**What you should do**
Every line of the material is to be set down again without any change.

**Supplied data**
lemma mat_mult_pow_0_right: "mat_mult N (mat_pow M 0) = N"
proof -
  have "(\<Sum>k\<in>UNIV. N i k * (if k = j then 1 else 0)) = (\<Sum>k\<in>UNIV. if k = j then N i k else 0)" for i j
    by (intro sum.cong) auto
  then show ?thesis by (simp add: mat_mult_def fun_eq_iff)
qed

lemma mat_mult_assoc: "mat_mult (mat_mult L M) N = mat_mult L (mat_mult M N)"
  by (auto simp: mat_mult_def fun_eq_iff sum_distrib_left sum_distrib_right mult.assoc
      intro: sum.swap)

lemma mat_pow_Suc_left: "mat_pow M (Suc n) = mat_mult M (mat_pow M n)"
proof (induction n)
  case 0
  show ?case by (simp only: mat_pow.simps(2) mat_mult_pow_0_left mat_mult_pow_0_right)
next
  case (Suc n)
  then show ?case by (simp add: mat_mult_assoc)
qed

lemma mat_pow_transpose: "mat_pow (mat_transpose M) n = mat_transpose (mat_pow M n)"
proof (induction n)
  case (Suc n)
  show ?case
    unfolding mat_pow.simps(2)[of "mat_transpose M"] mat_pow_Suc_left[of M] Suc
    by (simp add: mat_mult_def mat_transpose_def fun_eq_iff mult.commute)
qed (simp add: mat_transpose_def fun_eq_iff)

lemma primitive_transpose: "primitive M \<Longrightarrow> primitive (mat_transpose M)"
  by (auto simp: primitive_def mat_pow_transpose mat_transpose_def)

lemma mat_pow_nonneg: "(\<And>i j. M i j \<ge> 0) \<Longrightarrow> mat_pow M n i j \<ge> 0"
  by (induction n arbitrary: i j) (auto simp: mat_mult_def intro!: sum_nonneg)

lemma mat_pow_eigenvector:
  assumes "\<And>i. (\<Sum>j\<in>UNIV. M i j * x j) = r * x i"
  shows "(\<Sum>j\<in>UNIV. mat_pow M n i j * x j) = r ^ n * x i"
proof (induction n arbitrary: i)
  case 0
  show ?case using mat_mult_pow_0_left[of M "\<lambda>j _. x j"] by (simp add: mat_mult_def fun_eq_iff)
next
  case (Suc n)
  have "(\<Sum>j\<in>UNIV. mat_pow M (Suc n) i j * x j) = (\<Sum>k\<in>UNIV. M i k * (\<Sum>j\<in>UNIV. mat_pow M n k j * x j))"
    unfolding mat_pow_Suc_left mat_mult_def
    by (simp add: sum_distrib_left sum_distrib_right mult.assoc) (rule sum.swap)
  also have "\<dots> = (\<Sum>k\<in>UNIV. M i k * (r ^ n * x k))"
    by (simp only: Suc)
  also have "\<dots> = r ^ n * (\<Sum>k\<in>UNIV. M i k * x k)"
    by (simp add: sum_distrib_left mult.left_commute)
  finally show ?case by (simp add: assms)
qed

lemma left_eigenvector_pairing:
  fixes M :: "'e::finite \<Rightarrow> 'e \<Rightarrow> real"
  assumes "\<And>j. (\<Sum>i\<in>UNIV. w i * M i j) = r * w j"
  shows "(\<Sum>i\<in>UNIV. w i * (\<Sum>j\<in>UNIV. M i j * z j)) = r * (\<Sum>j\<in>UNIV. w j * z j)"
proof -
  have "(\<Sum>i\<in>UNIV. w i * (\<Sum>j\<in>UNIV. M i j * z j)) = (\<Sum>j\<in>UNIV. (\<Sum>i\<in>UNIV. w i * M i j) * z j)"
    by (simp add: sum_distrib_left sum_distrib_right mult.assoc) (rule sum.swap)
  then show ?thesis by (simp add: assms sum_distrib_left mult.assoc)
qed

lemma primitive_imp_column_pos:
  assumes nonneg: "\<And>i j. M i j \<ge> 0" and "primitive M"
  shows "\<exists>i. M i j > 0"
proof (rule ccontr)
  assume "\<not> ?thesis"
  then have "M i j = 0" for i using nonneg[of i j] by (metis not_less order.antisym)
  then have "mat_pow M (Suc n) i j = 0" for n i by (simp add: mat_mult_def)
  moreover obtain k where "k \<ge> 1" "\<forall>i j. mat_pow M k i j > 0"
    using \<open>primitive M\<close> by (auto simp: primitive_def)
  ultimately show False by (metis Suc_pred' less_irrefl not_one_le_zero not_gr0)
qed

lemma mat_pow_Suc_pos:
  fixes M :: "'e::finite \<Rightarrow> 'e \<Rightarrow> real"
  assumes nonneg: "\<And>i j. M i j \<ge> 0" and "primitive M" and pos: "\<forall>i j. mat_pow M k i j > 0"
  shows "mat_pow M (Suc k) i j > 0"
proof -
  obtain l where "M l j > 0" using primitive_imp_column_pos[OF nonneg \<open>primitive M\<close>] by blast
  then have "0 < mat_pow M k i l * M l j" using pos by simp
  also have "\<dots> \<le> mat_pow M (Suc k) i j"
    unfolding mat_pow.simps mat_mult_def
    by (rule member_le_sum[where f="\<lambda>l. mat_pow M k i l * M l j"])
      (auto intro!: mult_nonneg_nonneg mat_pow_nonneg nonneg)
  finally show ?thesis .
qed

lemma primitive_eigenvector_pos:
  assumes nonneg: "\<And>i j. M i j \<ge> 0" and "primitive M"
    and x_nonneg: "\<And>i. x i \<ge> 0" and "x j0 > 0"
    and eigen: "\<And>i. (\<Sum>j\<in>UNIV. M i j * x j) = r * x i"
  shows "x i > 0"
proof -
  obtain k where k: "\<forall>i j. mat_pow M k i j > 0" using \<open>primitive M\<close> by (auto simp: primitive_def)
  have "0 < mat_pow M k i j0 * x j0" using k \<open>x j0 > 0\<close> by simp
  also have "\<dots> \<le> (\<Sum>j\<in>UNIV. mat_pow M k i j * x j)"
    by (rule member_le_sum) (use k x_nonneg in \<open>auto simp: less_imp_le\<close>)
  also have "\<dots> = r ^ k * x i" by (rule mat_pow_eigenvector[OF eigen])
  finally have "x i \<noteq> 0" by auto
  with x_nonneg[of i] show ?thesis by (simp add: order_less_le)
qed

definition std_simplex :: "(real^'e::finite) set" where
  "std_simplex = {x. (\<forall>i. 0 \<le> x$i) \<and> sum (\<lambda>i. x$i) UNIV = 1}"

lemma std_simplex_pos: "(x::real^'e::finite) \<in> std_simplex \<Longrightarrow> \<exists>j. x$j > 0"
  by (auto simp: std_simplex_def) (metis less_eq_real_def sum.neutral zero_neq_one)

**Task output**
lemma mat_mult_pow_0_right: "mat_mult N (mat_pow M 0) = N"
proof -
  have "(\<Sum>k\<in>UNIV. N i k * (if k = j then 1 else 0)) = (\<Sum>k\<in>UNIV. if k = j then N i k else 0)" for i j
    by (intro sum.cong) auto
  then show ?thesis by (simp add: mat_mult_def fun_eq_iff)
qed

lemma mat_mult_assoc: "mat_mult (mat_mult L M) N = mat_mult L (mat_mult M N)"
  by (auto simp: mat_mult_def fun_eq_iff sum_distrib_left sum_distrib_right mult.assoc
      intro: sum.swap)

lemma mat_pow_Suc_left: "mat_pow M (Suc n) = mat_mult M (mat_pow M n)"
proof (induction n)
  case 0
  show ?case by (simp only: mat_pow.simps(2) mat_mult_pow_0_left mat_mult_pow_0_right)
next
  case (Suc n)
  then show ?case by (simp add: mat_mult_assoc)
qed

lemma mat_pow_transpose: "mat_pow (mat_transpose M) n = mat_transpose (mat_pow M n)"
proof (induction n)
  case (Suc n)
  show ?case
    unfolding mat_pow.simps(2)[of "mat_transpose M"] mat_pow_Suc_left[of M] Suc
    by (simp add: mat_mult_def mat_transpose_def fun_eq_iff mult.commute)
qed (simp add: mat_transpose_def fun_eq_iff)

lemma primitive_transpose: "primitive M \<Longrightarrow> primitive (mat_transpose M)"
  by (auto simp: primitive_def mat_pow_transpose mat_transpose_def)

lemma mat_pow_nonneg: "(\<And>i j. M i j \<ge> 0) \<Longrightarrow> mat_pow M n i j \<ge> 0"
  by (induction n arbitrary: i j) (auto simp: mat_mult_def intro!: sum_nonneg)

lemma mat_pow_eigenvector:
  assumes "\<And>i. (\<Sum>j\<in>UNIV. M i j * x j) = r * x i"
  shows "(\<Sum>j\<in>UNIV. mat_pow M n i j * x j) = r ^ n * x i"
proof (induction n arbitrary: i)
  case 0
  show ?case using mat_mult_pow_0_left[of M "\<lambda>j _. x j"] by (simp add: mat_mult_def fun_eq_iff)
next
  case (Suc n)
  have "(\<Sum>j\<in>UNIV. mat_pow M (Suc n) i j * x j) = (\<Sum>k\<in>UNIV. M i k * (\<Sum>j\<in>UNIV. mat_pow M n k j * x j))"
    unfolding mat_pow_Suc_left mat_mult_def
    by (simp add: sum_distrib_left sum_distrib_right mult.assoc) (rule sum.swap)
  also have "\<dots> = (\<Sum>k\<in>UNIV. M i k * (r ^ n * x k))"
    by (simp only: Suc)
  also have "\<dots> = r ^ n * (\<Sum>k\<in>UNIV. M i k * x k)"
    by (simp add: sum_distrib_left mult.left_commute)
  finally show ?case by (simp add: assms)
qed

lemma left_eigenvector_pairing:
  fixes M :: "'e::finite \<Rightarrow> 'e \<Rightarrow> real"
  assumes "\<And>j. (\<Sum>i\<in>UNIV. w i * M i j) = r * w j"
  shows "(\<Sum>i\<in>UNIV. w i * (\<Sum>j\<in>UNIV. M i j * z j)) = r * (\<Sum>j\<in>UNIV. w j * z j)"
proof -
  have "(\<Sum>i\<in>UNIV. w i * (\<Sum>j\<in>UNIV. M i j * z j)) = (\<Sum>j\<in>UNIV. (\<Sum>i\<in>UNIV. w i * M i j) * z j)"
    by (simp add: sum_distrib_left sum_distrib_right mult.assoc) (rule sum.swap)
  then show ?thesis by (simp add: assms sum_distrib_left mult.assoc)
qed

lemma primitive_imp_column_pos:
  assumes nonneg: "\<And>i j. M i j \<ge> 0" and "primitive M"
  shows "\<exists>i. M i j > 0"
proof (rule ccontr)
  assume "\<not> ?thesis"
  then have "M i j = 0" for i using nonneg[of i j] by (metis not_less order.antisym)
  then have "mat_pow M (Suc n) i j = 0" for n i by (simp add: mat_mult_def)
  moreover obtain k where "k \<ge> 1" "\<forall>i j. mat_pow M k i j > 0"
    using \<open>primitive M\<close> by (auto simp: primitive_def)
  ultimately show False by (metis Suc_pred' less_irrefl not_one_le_zero not_gr0)
qed

lemma mat_pow_Suc_pos:
  fixes M :: "'e::finite \<Rightarrow> 'e \<Rightarrow> real"
  assumes nonneg: "\<And>i j. M i j \<ge> 0" and "primitive M" and pos: "\<forall>i j. mat_pow M k i j > 0"
  shows "mat_pow M (Suc k) i j > 0"
proof -
  obtain l where "M l j > 0" using primitive_imp_column_pos[OF nonneg \<open>primitive M\<close>] by blast
  then have "0 < mat_pow M k i l * M l j" using pos by simp
  also have "\<dots> \<le> mat_pow M (Suc k) i j"
    unfolding mat_pow.simps mat_mult_def
    by (rule member_le_sum[where f="\<lambda>l. mat_pow M k i l * M l j"])
      (auto intro!: mult_nonneg_nonneg mat_pow_nonneg nonneg)
  finally show ?thesis .
qed

lemma primitive_eigenvector_pos:
  assumes nonneg: "\<And>i j. M i j \<ge> 0" and "primitive M"
    and x_nonneg: "\<And>i. x i \<ge> 0" and "x j0 > 0"
    and eigen: "\<And>i. (\<Sum>j\<in>UNIV. M i j * x j) = r * x i"
  shows "x i > 0"
proof -
  obtain k where k: "\<forall>i j. mat_pow M k i j > 0" using \<open>primitive M\<close> by (auto simp: primitive_def)
  have "0 < mat_pow M k i j0 * x j0" using k \<open>x j0 > 0\<close> by simp
  also have "\<dots> \<le> (\<Sum>j\<in>UNIV. mat_pow M k i j * x j)"
    by (rule member_le_sum) (use k x_nonneg in \<open>auto simp: less_imp_le\<close>)
  also have "\<dots> = r ^ k * x i" by (rule mat_pow_eigenvector[OF eigen])
  finally have "x i \<noteq> 0" by auto
  with x_nonneg[of i] show ?thesis by (simp add: order_less_le)
qed

definition std_simplex :: "(real^'e::finite) set" where
  "std_simplex = {x. (\<forall>i. 0 \<le> x$i) \<and> sum (\<lambda>i. x$i) UNIV = 1}"

lemma std_simplex_pos: "(x::real^'e::finite) \<in> std_simplex \<Longrightarrow> \<exists>j. x$j > 0"
  by (auto simp: std_simplex_def) (metis less_eq_real_def sum.neutral zero_neq_one)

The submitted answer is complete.